● Problem statement: Examine the entries and show every line in which the word "Prod" is found.

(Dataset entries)
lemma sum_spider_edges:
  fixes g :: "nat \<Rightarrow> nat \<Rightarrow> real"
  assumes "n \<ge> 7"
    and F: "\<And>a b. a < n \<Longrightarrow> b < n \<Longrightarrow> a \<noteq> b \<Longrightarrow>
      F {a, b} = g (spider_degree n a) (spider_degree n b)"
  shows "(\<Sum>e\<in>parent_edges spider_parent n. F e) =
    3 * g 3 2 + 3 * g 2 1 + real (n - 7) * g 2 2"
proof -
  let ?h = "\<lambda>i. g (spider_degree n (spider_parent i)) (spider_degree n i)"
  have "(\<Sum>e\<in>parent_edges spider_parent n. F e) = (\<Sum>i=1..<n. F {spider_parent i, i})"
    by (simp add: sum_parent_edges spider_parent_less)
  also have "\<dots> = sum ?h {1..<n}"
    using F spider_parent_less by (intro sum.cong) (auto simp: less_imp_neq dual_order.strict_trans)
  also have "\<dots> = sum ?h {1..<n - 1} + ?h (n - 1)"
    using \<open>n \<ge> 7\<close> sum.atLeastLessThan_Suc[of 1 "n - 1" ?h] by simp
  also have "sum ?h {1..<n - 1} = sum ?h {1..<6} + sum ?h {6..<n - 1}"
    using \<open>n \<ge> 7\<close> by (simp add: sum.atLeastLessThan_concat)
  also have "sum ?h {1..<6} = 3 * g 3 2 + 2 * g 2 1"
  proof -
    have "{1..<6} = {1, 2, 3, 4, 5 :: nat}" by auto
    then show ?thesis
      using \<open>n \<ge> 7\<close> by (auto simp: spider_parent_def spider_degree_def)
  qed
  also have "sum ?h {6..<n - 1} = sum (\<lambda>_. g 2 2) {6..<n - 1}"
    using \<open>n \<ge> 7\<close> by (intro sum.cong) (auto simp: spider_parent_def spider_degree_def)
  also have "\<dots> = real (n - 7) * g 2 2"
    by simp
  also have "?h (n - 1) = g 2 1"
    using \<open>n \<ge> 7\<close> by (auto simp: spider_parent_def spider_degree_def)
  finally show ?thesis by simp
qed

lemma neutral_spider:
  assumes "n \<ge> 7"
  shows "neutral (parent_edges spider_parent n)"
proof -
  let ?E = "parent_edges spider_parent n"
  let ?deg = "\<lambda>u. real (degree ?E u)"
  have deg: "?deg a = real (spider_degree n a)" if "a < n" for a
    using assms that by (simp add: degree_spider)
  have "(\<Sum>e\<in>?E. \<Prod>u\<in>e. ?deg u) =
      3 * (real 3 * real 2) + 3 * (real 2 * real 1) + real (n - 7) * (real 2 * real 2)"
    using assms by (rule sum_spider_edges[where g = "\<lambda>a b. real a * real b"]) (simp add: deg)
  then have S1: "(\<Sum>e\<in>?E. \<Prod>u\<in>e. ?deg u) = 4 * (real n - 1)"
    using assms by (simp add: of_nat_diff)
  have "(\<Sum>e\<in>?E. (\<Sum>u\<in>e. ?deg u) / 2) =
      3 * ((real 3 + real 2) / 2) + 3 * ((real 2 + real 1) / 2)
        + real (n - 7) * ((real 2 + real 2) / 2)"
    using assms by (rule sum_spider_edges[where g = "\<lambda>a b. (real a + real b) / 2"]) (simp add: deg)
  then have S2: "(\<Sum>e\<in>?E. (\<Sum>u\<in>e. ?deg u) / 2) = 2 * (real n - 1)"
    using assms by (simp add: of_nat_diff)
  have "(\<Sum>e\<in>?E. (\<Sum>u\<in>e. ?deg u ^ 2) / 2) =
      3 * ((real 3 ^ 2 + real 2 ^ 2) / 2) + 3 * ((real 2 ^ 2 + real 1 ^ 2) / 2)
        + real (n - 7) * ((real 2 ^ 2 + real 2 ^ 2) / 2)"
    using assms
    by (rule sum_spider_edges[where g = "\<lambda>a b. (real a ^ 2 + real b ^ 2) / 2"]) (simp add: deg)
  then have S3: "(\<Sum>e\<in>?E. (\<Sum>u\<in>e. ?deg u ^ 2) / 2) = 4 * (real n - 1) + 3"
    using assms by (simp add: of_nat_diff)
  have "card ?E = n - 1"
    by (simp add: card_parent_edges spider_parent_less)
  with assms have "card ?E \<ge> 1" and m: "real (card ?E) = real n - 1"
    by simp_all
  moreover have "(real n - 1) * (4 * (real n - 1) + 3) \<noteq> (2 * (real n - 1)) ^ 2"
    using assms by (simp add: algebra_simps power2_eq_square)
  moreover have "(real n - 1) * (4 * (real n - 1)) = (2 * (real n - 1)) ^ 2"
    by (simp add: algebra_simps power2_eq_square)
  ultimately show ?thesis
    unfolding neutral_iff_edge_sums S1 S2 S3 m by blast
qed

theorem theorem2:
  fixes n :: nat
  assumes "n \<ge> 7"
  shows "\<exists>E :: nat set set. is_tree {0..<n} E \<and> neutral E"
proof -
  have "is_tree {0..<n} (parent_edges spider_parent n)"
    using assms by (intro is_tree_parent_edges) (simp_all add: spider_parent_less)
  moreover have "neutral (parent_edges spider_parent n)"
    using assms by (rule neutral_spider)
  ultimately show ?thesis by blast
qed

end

● Answer for this exercise:
  have "(\<Sum>e\<in>?E. \<Prod>u\<in>e. ?deg u) =
  then have S1: "(\<Sum>e\<in>?E. \<Prod>u\<in>e. ?deg u) = 4 * (real n - 1)"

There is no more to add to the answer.